It was embarrassing to almost pass out as I left the oral surgeons office after having an impacted wisdom tooth yanked out of my jawbone, but it's another to loose it over a tiny innocent freckle.
My daughter and I went to the dermatologist today for a routine mole/skin cancer checkup. Okay, in all honesty, the first thing I said to the doctor was, "look at me, what can we do about my prematurely aging skin?" to which he replied, "quit drinking caffeine and stay out of the sun." I wasn't very happy with that answer and let him proceed with my skin check. He stopped at the one super cute freckle on my inner thigh and said...this one has to go. "Later?" I asked but he said right now...today. So, as I sat there in my heels, sweater and a paper cover (see above picture taken on my phone by my daughter who thought it was pretty funny and sent it to several of my friends during my trauma) I worked myself into a quiet fit of fear. That little freckle that I loved, that was a mark that gave me identity was being removed...with sharp tools. I was wondering if I could ask for it back to send it to someone but then I pictured it and it's wasn't pretty.
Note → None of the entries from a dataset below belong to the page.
(* Let $f\colon\mathbb{R}\to\mathbb{R}$ be a smooth $T$-periodic function ($T>0$). Then the equation $$\ddot x=f(t)\sin x-\cos x$$ has a $T$-periodic solution $x(t)$ such that $0<x(t)<\pi$ for all $t$.
   Context: The equation describes an inverted pendulum with a horizontally moving pivot point in a constant gravity field. *)

theory Defs
  imports "HOL-Analysis.Analysis"
begin

definition smooth_fun :: "(real \<Rightarrow> real) \<Rightarrow> bool" where
  "smooth_fun f \<longleftrightarrow> (\<forall>n. \<forall>t. ((deriv ^^ n) f) differentiable (at t))"

end

theory Submission
  imports Defs "HOL-Library.Periodic_Fun"
begin

text \<open>
  Write the equation as \<open>x'' = w\<^sup>2 x - F(t, x)\<close> with
  \<open>F(t, y) = w\<^sup>2 y - (f(t) sin y - cos y)\<close>; for \<open>w\<^sup>2 \<ge> |f| + 1\<close> this \<open>F\<close> is
  nondecreasing in \<open>y\<close>. The \<open>T\<close>-periodic solutions are the fixed points of
  \<open>x \<mapsto> G(F(\<cdot>, x))\<close>, where \<open>G\<close> is the (positive, hence order preserving) periodic
  Green operator of \<open>x'' - w\<^sup>2 x\<close>. If \<open>|f| tan \<epsilon> \<le> 1\<close>, the constants \<open>\<epsilon>\<close> and
  \<open>\<pi> - \<epsilon>\<close> are a lower and an upper solution, so iterating from \<open>\<epsilon>\<close> gives an
  increasing sequence bounded by \<open>\<pi> - \<epsilon>\<close>. Its limit is continuous because all iterates
  share a Lipschitz constant, and it is a fixed point by dominated convergence.
\<close>

section \<open>The periodic Green operator of \<open>x'' - w\<^sup>2 x\<close>\<close>

lemma has_real_derivative_integral_window:
  fixes k :: "real \<Rightarrow> real"
  assumes k: "continuous_on UNIV k" and T: "T \<ge> 0"
  shows "((\<lambda>t. integral {t - T..t} k) has_real_derivative (k t - k (t - T))) (at t)"
proof -
  define a where "a = t - T - 1"
  have D: "((\<lambda>x. integral {a..x} k) has_real_derivative k y) (at y)" if "a < y" for y
  proof -
    have "((\<lambda>x. integral {a..x} k) has_real_derivative k y) (at y within {a..y + 1})"
      by (rule integral_has_real_derivative) (use k that in \<open>auto intro: continuous_on_subset\<close>)
    moreover have "at y within {a..y + 1} = at y"
      by (rule at_within_interior) (use that in simp)
    ultimately show ?thesis by simp
  qed
  have "((\<lambda>x. integral {a..x} k - integral {a..x - T} k) has_real_derivative (k t - k (t - T) * 1)) (at t)"
    by (intro DERIV_diff D DERIV_chain2[OF D] derivative_eq_intros) (use T in \<open>auto simp: a_def\<close>)
  then have "((\<lambda>x. integral {a..x} k - integral {a..x - T} k) has_real_derivative (k t - k (t - T))) (at t)"
    by simp
  then show ?thesis
  proof (rule has_field_derivative_transform_within_open[of _ _ _ "{t - 1<..}"], simp_all)
    fix z assume z: "t - 1 < z"
    have "integral {a..z - T} k + integral {z - T..z} k = integral {a..z} k"
      by (rule Henstock_Kurzweil_Integration.integral_combine) (use z T in \<open>auto simp: a_def intro!: integrable_continuous_real continuous_on_subset[OF k]\<close>)
    then show "integral {a..z} k - integral {a..z - T} k = integral {z - T..z} k" by simp
  qed
qed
Then I was getting shots and hearing scraping and by the time I could smell my skin being cauterized, I was having tunnel vision and had turned grey. IT WAS A TEENY TINY MOLE FOR HEAVEN SAKES. I am such a wuss. That kind of behaviour should not be seen by one's children and my daughter just watched me totally fall apart over a mole? DUH!
That little ego that I had put in my pocket has now been through the wash a couple of times and isn't very recognizable. So these days I wouldn't describe myself as little and fierce but tiny and tender...or diminutive and dorky? The meek shall inherit the earth? Maybe I'll have to make that my new mantra.